1. Who we are

Path of Agent is operated by an independent developer based in Germany. Contact: [email protected]

2. What the product does

Path of Agent is a desktop application that analyzes Path of Exile 1 builds. The desktop app runs locally on your computer. It communicates with our backend server for account authentication, credit billing, and AI-powered analysis via OpenAI.

3. Data we collect

Account data

When you create an account, we store your email address and a hashed password. Passwords are hashed with Argon2id and never stored in plaintext. Your email is used for account verification, password resets, and important service notices.

Session data

When you sign in, we create a server-side session linked to a secure cookie. Session records include a session identifier, creation time, and last-active timestamp. You can view and revoke active sessions from your account settings.

Billing data

Credit purchases are processed by Stripe. We never see or store your payment card details. We store only the minimum billing metadata needed for credit accounting: transaction identifiers, credit amounts, and timestamps. Stripe's own privacy policy governs how they handle your payment information.

Usage data

When you run a build analysis, we record the number of credits consumed and basic token usage statistics for billing purposes. The content of your analysis (build data, AI prompts, AI responses) passes through our server in memory while the analysis runs, and is not retained afterwards by default. The one exception is described below under "Optional analysis log sharing".

Build data

Build codes you import are processed locally on your machine by the bundled Path of Building engine. To run the AI analysis, build context is sent to our server and forwarded to OpenAI for the duration of an active analysis session. By default it is held in memory only and discarded when the session ends.

Optional analysis log sharing

The desktop app asks you, the first time you import a build, whether you want to share your analysis logs with us for quality improvement and debugging. The dialog is explicit and the default is off until you choose. Your choice is remembered if you tick "don't ask again", and you can change it later in the app's settings.

If you opt in, the contents of each analysis (build data, AI prompts, AI responses, token usage) are uploaded to our server after the analysis finishes and stored for up to 30 days. We use these logs to debug failures, improve prompt quality, and audit analysis correctness. Logs are not shared with anyone outside the development of Path of Agent and are deleted automatically after 30 days.

Website visits

The public website is static and hosted via Cloudflare. Standard server logs (IP address, browser, timestamp) may be recorded by the hosting infrastructure. We do not use third-party analytics or tracking scripts on this website.

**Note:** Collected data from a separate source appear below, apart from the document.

lemma pure_coeff_shuffle_seq_append:
  assumes ds: "\<forall>d\<in>set ds. degree_seq d"
    and uv: "u @ v \<in> words_with_counts (length ds) (\<lambda>t. length (ds ! t) - 1)"
    and u: "u \<in> words_with_counts (length ds) (\<lambda>t. a ! t)"
  shows "pure_coeff (shuffle_seq ds (u @ v)) (length u)
    = word_weight (length ds) (\<lambda>t m. of_int (ds ! t ! (a ! t) - ds ! t ! (a ! t - m))) (rev u)
    * word_weight (length ds) (\<lambda>t m. of_int (ds ! t ! (a ! t + m) - ds ! t ! (a ! t))) v"
proof -
  let ?V = "shuffle_degree ds (u @ v)"
  have count_u: "count_list u t = a ! t" if "t < length ds" for t
    using u that by (simp add: words_with_counts_def)
  have "pure_coeff (shuffle_seq ds (u @ v)) (length u)
      = (\<Prod>m\<in>{1..length u}. 1 / of_int (?V (length u) - ?V (length u - m)))
      * (\<Prod>m\<in>{1..length v}. 1 / of_int (?V (length u + m) - ?V (length u)))"
    using pure_coeff_split[OF sorted_shuffle_seq[OF ds uv], of "length u"]
    by (simp add: nth_shuffle_seq)
  also have "(\<Prod>m\<in>{1..length u}. 1 / of_int (?V (length u) - ?V (length u - m)))
      = word_weight (length ds) (\<lambda>t m. of_int (ds ! t ! (a ! t) - ds ! t ! (a ! t - m))) (rev u)"
    unfolding word_weight_def
    using shuffle_degree_append[of ds u v 0] shuffle_degree_append_rev[of _ u ds v] count_u
    by (intro prod.cong) (simp_all add: sum_subtractf)
  also have "(\<Prod>m\<in>{1..length v}. 1 / of_int (?V (length u + m) - ?V (length u)))
      = word_weight (length ds) (\<lambda>t m. of_int (ds ! t ! (a ! t + m) - ds ! t ! (a ! t))) v"
    unfolding word_weight_def
    using shuffle_degree_append[of ds u v] shuffle_degree_append[of ds u v 0] count_u
    by (intro prod.cong) (simp_all add: sum_subtractf)
  finally show ?thesis .
qed

definition prefix_counts :: "nat \<Rightarrow> nat list \<Rightarrow> nat \<Rightarrow> nat list" where
  "prefix_counts r w i = map (\<lambda>t. count_list (take i w) t) [0..<r]"

lemma sum_pure_coeff_shuffle_seq_prefix_counts:
  assumes ds: "\<forall>d\<in>set ds. degree_seq d" and a: "a \<in> index_tuples ds i j"
  shows "(\<Sum>w | w \<in> words_with_counts (length ds) (\<lambda>t. length (ds ! t) - 1)
             \<and> prefix_counts (length ds) w i = a. pure_coeff (shuffle_seq ds w) i)
    = (\<Prod>t<length ds. pure_coeff (ds ! t) (a ! t))"
proof -
  define r where "r = length ds"
  define dist_left :: "nat \<Rightarrow> nat \<Rightarrow> rat"
    where "dist_left = (\<lambda>t m. of_int (ds ! t ! (a ! t) - ds ! t ! (a ! t - m)))"
  define dist_right :: "nat \<Rightarrow> nat \<Rightarrow> rat"
    where "dist_right = (\<lambda>t m. of_int (ds ! t ! (a ! t + m) - ds ! t ! (a ! t)))"
  let ?c = "\<lambda>t. length (ds ! t) - 1"
  let ?U = "words_with_counts r (\<lambda>t. a ! t)" and ?V = "words_with_counts r (\<lambda>t. ?c t - a ! t)"
  have len_a: "length a = r" and a_less: "\<forall>t<r. a ! t < length (ds ! t)"
    and sum_a: "(\<Sum>t<r. a ! t) = i"
    using a by (auto simp: index_tuples_def r_def sum_list_sum_nth atLeast0LessThan)
  have sorted: "sorted_wrt (<) (ds ! t)" if "t < r" for t
    using ds that by (simp add: degree_seq_def r_def)
  have bij: "bij_betw (\<lambda>(u, v). u @ v) (?U \<times> ?V)
      {w \<in> words_with_counts r ?c. prefix_counts r w i = a}"
  proof -
    have "prefix_counts r w i = a \<longleftrightarrow> (\<forall>t<r. count_list (take i w) t = a ! t)" for w
      unfolding prefix_counts_def using len_a by (auto simp: list_eq_iff_nth_eq)
    moreover have "\<forall>t<r. a ! t \<le> ?c t"
    proof (intro allI impI)
      fix t assume "t < r"
      from a_less[rule_format, OF this] show "a ! t \<le> ?c t" by linarith
    qed
    ultimately show ?thesis
      using words_with_counts_append_split[of r "\<lambda>t. a ! t" ?c] sum_a by simp
  qed
  have "(\<Sum>w | w \<in> words_with_counts r ?c \<and> prefix_counts r w i = a. pure_coeff (shuffle_seq ds w) i)
      = (\<Sum>(u, v)\<in>?U \<times> ?V. word_weight r dist_left (rev u) * word_weight r dist_right v)"
  proof (subst sum.reindex_bij_betw[OF bij, symmetric], intro sum.cong refl, clarify)
    fix u v assume u: "u \<in> ?U" and v: "v \<in> ?V"
    have "u @ v \<in> words_with_counts r ?c" using bij u v by (auto dest: bij_betw_apply)
    moreover have "length u = i" using length_words_with_counts[OF u] sum_a by simp
    ultimately show "pure_coeff (shuffle_seq ds (u @ v)) i
        = word_weight r dist_left (rev u) * word_weight r dist_right v"
      using pure_coeff_shuffle_seq_append[OF ds, of u v a] u by (simp add: r_def dist_left_def dist_right_def)
  qed
  also have "\<dots> = (\<Sum>u\<in>?U. word_weight r dist_left u) * (\<Sum>v\<in>?V. word_weight r dist_right v)"
  proof -
    have "(\<Sum>(u, v)\<in>?U \<times> ?V. word_weight r dist_left (rev u) * word_weight r dist_right v)
        = (\<Sum>u\<in>?U. word_weight r dist_left (rev u)) * (\<Sum>v\<in>?V. word_weight r dist_right v)"
      by (simp add: sum_product sum.cartesian_product)
    also have "(\<Sum>u\<in>?U. word_weight r dist_left (rev u)) = (\<Sum>u\<in>?U. word_weight r dist_left u)"
      by (rule sum.reindex_bij_witness[of _ rev rev]) (auto intro: rev_words_with_counts)
    finally show ?thesis .
  qed
  also have "\<dots> = (\<Prod>t<r. \<Prod>m\<in>{1..a ! t}. 1 / dist_left t m)
      * (\<Prod>t<r. \<Prod>m\<in>{1..?c t - a ! t}. 1 / dist_right t m)"
  proof (intro arg_cong2[where f = "(*)"] sum_word_weight_words_with_counts)
    show "\<forall>t<r. \<forall>m\<in>{1..a ! t}. 0 < dist_left t m"
      using sorted a_less by (auto simp: dist_left_def intro: sorted_wrt_nth_less)
    show "\<forall>t<r. \<forall>m\<in>{1..?c t - a ! t}. 0 < dist_right t m"
    proof (intro allI impI ballI)
      fix t m assume "t < r" and "m \<in> {1..?c t - a ! t}"
      then have "a ! t < a ! t + m" "a ! t + m < length (ds ! t)" by auto
      then show "0 < dist_right t m"
        using sorted[OF \<open>t < r\<close>] by (simp add: dist_right_def sorted_wrt_nth_less)
    qed
  qed (simp_all add: dist_left_def dist_right_def)
  also have "\<dots> = (\<Prod>t<r. pure_coeff (ds ! t) (a ! t))"
    using pure_coeff_split[OF sorted] a_less
    by (simp add: dist_left_def dist_right_def flip: prod.distrib)
  finally show ?thesis by (simp add: r_def)
qed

4. Why we process your data

• Account data: to authenticate you and provide the service
• Session data: to maintain your login state and allow session management
• Billing data: to process credit purchases and maintain accurate balances
• Usage data: to bill correctly based on actual usage
• Build data: to generate AI analysis during your active session
• Opted-in analysis logs: to improve the product (debugging, prompt quality, correctness audits)

Legal basis under GDPR: contract performance (Art. 6(1)(b)) for account, billing, and active-session build data; legitimate interest (Art. 6(1)(f)) for security logging and abuse prevention; consent (Art. 6(1)(a)) for optional analysis log sharing.

5. Third-party services

Your data may be shared with the following third parties, only as needed to provide the service:

• OpenAI: Build data and chat messages are sent to OpenAI's API during active analysis sessions. OpenAI's API data usage policy applies. OpenAI does not use API inputs for model training.
• Stripe: Payment processing for credit pack purchases. Stripe handles all card data directly.
• Cloudflare: DNS, TLS, and website hosting.
• Hetzner: Backend server hosting (Germany / EU).

We do not sell your data to anyone.

6. Where your data is stored

Our backend server and database are hosted in the EU (Hetzner, Germany). OpenAI processes data in the United States under their data processing terms. Stripe processes payment data in accordance with their global infrastructure.

7. Data retention

• Account data: retained while your account is active
• Session data: sessions expire automatically; revoked sessions are deleted
• Billing records: retained as required for tax and accounting purposes
• Build data (default): held in server memory only during an active analysis, then discarded
• Opted-in analysis logs: stored for up to 30 days, then deleted automatically
• Security logs: retained for up to 90 days for abuse prevention

8. Your rights

Under GDPR, you have the right to:

• Access the personal data we hold about you
• Correct inaccurate data
• Request deletion of your account and associated data
• Export your data in a portable format
• Object to processing based on legitimate interest
• Withdraw consent for optional analysis log sharing at any time, in the app or by email
• Lodge a complaint with your local data protection authority

To exercise any of these rights, contact [email protected].

9. Cookies

We use a single authentication cookie to maintain your login session. It is HttpOnly, Secure, and SameSite. We do not use advertising cookies, tracking cookies, or third-party cookie-based analytics.

10. Children

Path of Agent is not directed at children under 16. We do not knowingly collect data from children under 16.

11. Changes to this policy

We may update this policy as the product evolves. Material changes will be communicated via the website or email. The "last updated" date at the top reflects the most recent revision.